Given an unsorted integer array nums
, find the smallest missing positive integer.
Table of Contents
Sample Input and Expected Output:
Input:
nums = [3, 4, -1, 1]
Output:
The smallest missing positive integer is: 2
Input:
nums = [1, 2, 0]
Output:
The smallest missing positive integer is: 3
First Missing Positive Solution in C++:
The idea is to use the array itself as a hash table. We want to place each positive integer x
in the array at its correct position x-1
, as the smallest missing positive integer will be in the range [1, n+1], where n is the size of the array. First, we ignore all non-positive integers and numbers greater than n. Then, for each positive integer x
, we swap it with the number at position x-1
if x
is within the valid range and not already at its correct position. After processing all numbers, we find the first index i
such that nums[i] != i+1
, and the smallest missing positive integer is i+1
.
#include <iostream>
#include <vector>
int firstMissingPositive(std::vector<int>& nums) {
int n = nums.size();
// Step 1: Ignore non-positive integers and numbers greater than n.

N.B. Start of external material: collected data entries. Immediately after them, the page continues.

lemma reduced_expr_inversion_root_pos:
  assumes red: "reduced_expr S gs w" and k: "k < length gs"
  shows "pos_root (inversion_root gs k)"
proof (rule ccontr)
  assume not_pos: "\<not> ?thesis"
  have gs: "set gs \<subseteq> S" and len: "length gs = wlen S (word_prod gs)"
    using red unfolding reduced_expr_def by auto
  have gk: "gs ! k \<in> S"
    using gs k nth_mem by blast
  have take: "set (take k gs) \<subseteq> S" and drop: "set (drop (Suc k) gs) \<subseteq> S"
    using gs set_take_subset set_drop_subset by fast+
  have "inversion_root gs k \<in> R"
    unfolding inversion_root_def using word_prod_root[OF take] gk simple_roots by blast
  then have "pos_root (- word_prod (take k gs) (gs ! k))"
    using not_pos pos_root_or_uminus unfolding inversion_root_def by blast
  then obtain hs where hs: "set hs \<subseteq> S" "Suc (length hs) = length (take k gs)"
    "word_prod hs = word_prod (take k gs) \<circ> refl (gs ! k)"
    using word_prod_exchange[OF take gk] by blast
  have "word_prod gs = word_prod (take k gs @ gs ! k # drop (Suc k) gs)"
    using id_take_nth_drop[OF k] by simp
  also have "\<dots> = word_prod (hs @ drop (Suc k) gs)"
    by (simp add: word_prod_append hs(3) comp_assoc)
  finally have "wlen S (word_prod gs) \<le> length (hs @ drop (Suc k) gs)"
    using wlen_le[of "hs @ drop (Suc k) gs"] hs(1) drop by simp
  then show False
    using hs(2) k len by simp
qed

lemma wlen_word_prod_rev_le:
  assumes "set gs \<subseteq> S"
  shows "wlen S (word_prod (rev gs)) \<le> wlen S (word_prod gs)"
proof -
  obtain hs where hs: "set hs \<subseteq> S" "word_prod hs = word_prod gs" "length hs = wlen S (word_prod gs)"
    using reduced_expr_exists[of "word_prod gs"] assms mem_weyl_iff unfolding reduced_expr_def by blast
  have "word_prod (rev hs) = word_prod (rev gs)"
  proof
    fix x
    have "word_prod (rev hs) x = word_prod (rev hs) (word_prod hs (word_prod (rev gs) x))"
      by (simp add: hs(2))
    then show "word_prod (rev hs) x = word_prod (rev gs) x"
      by simp
  qed
  then show ?thesis
    using wlen_le[of "rev hs"] hs by simp
qed

lemma reduced_expr_rev:
  assumes "reduced_expr S gs w"
  shows "reduced_expr S (rev gs) (word_prod (rev gs))"
proof -
  have "set gs \<subseteq> S" "length gs = wlen S (word_prod gs)"
    using assms unfolding reduced_expr_def by auto
  then show ?thesis
    using wlen_word_prod_rev_le[of gs] wlen_word_prod_rev_le[of "rev gs"]
    unfolding reduced_expr_def by simp
qed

for (int i = 0; i < n; i++) {
while (nums[i] > 0 && nums[i] <= n && nums[nums[i] - 1] != nums[i]) {
std::swap(nums[i], nums[nums[i] - 1]);
}
}
// Step 2: Find the first index i such that nums[i] != i+1.
for (int i = 0; i < n; i++) {
if (nums[i] != i + 1) {
return i + 1;
}
}
// If all numbers from 1 to n are present, return n+1.
return n + 1;
}
int main() {
std::vector<int> nums1 = {3, 4, -1, 1};
std::vector<int> nums2 = {1, 2, 0};
int result1 = firstMissingPositive(nums1);
int result2 = firstMissingPositive(nums2);
std::cout << "The smallest missing positive integer is: " << result1 << std::endl;
std::cout << "The smallest missing positive integer is: " << result2 << std::endl;
return 0;
}
Time Complexity and Space Complexity:
The time complexity of the solution is O(n), where n is the size of the input vector nums
. In the worst case, we might have to swap every number to its correct position, but each number is processed only once.
The space complexity is O(1) as we are using a constant amount of additional space for variables in the solution, regardless of the size of the input array. The algorithm is performed in-place without using any extra data structures.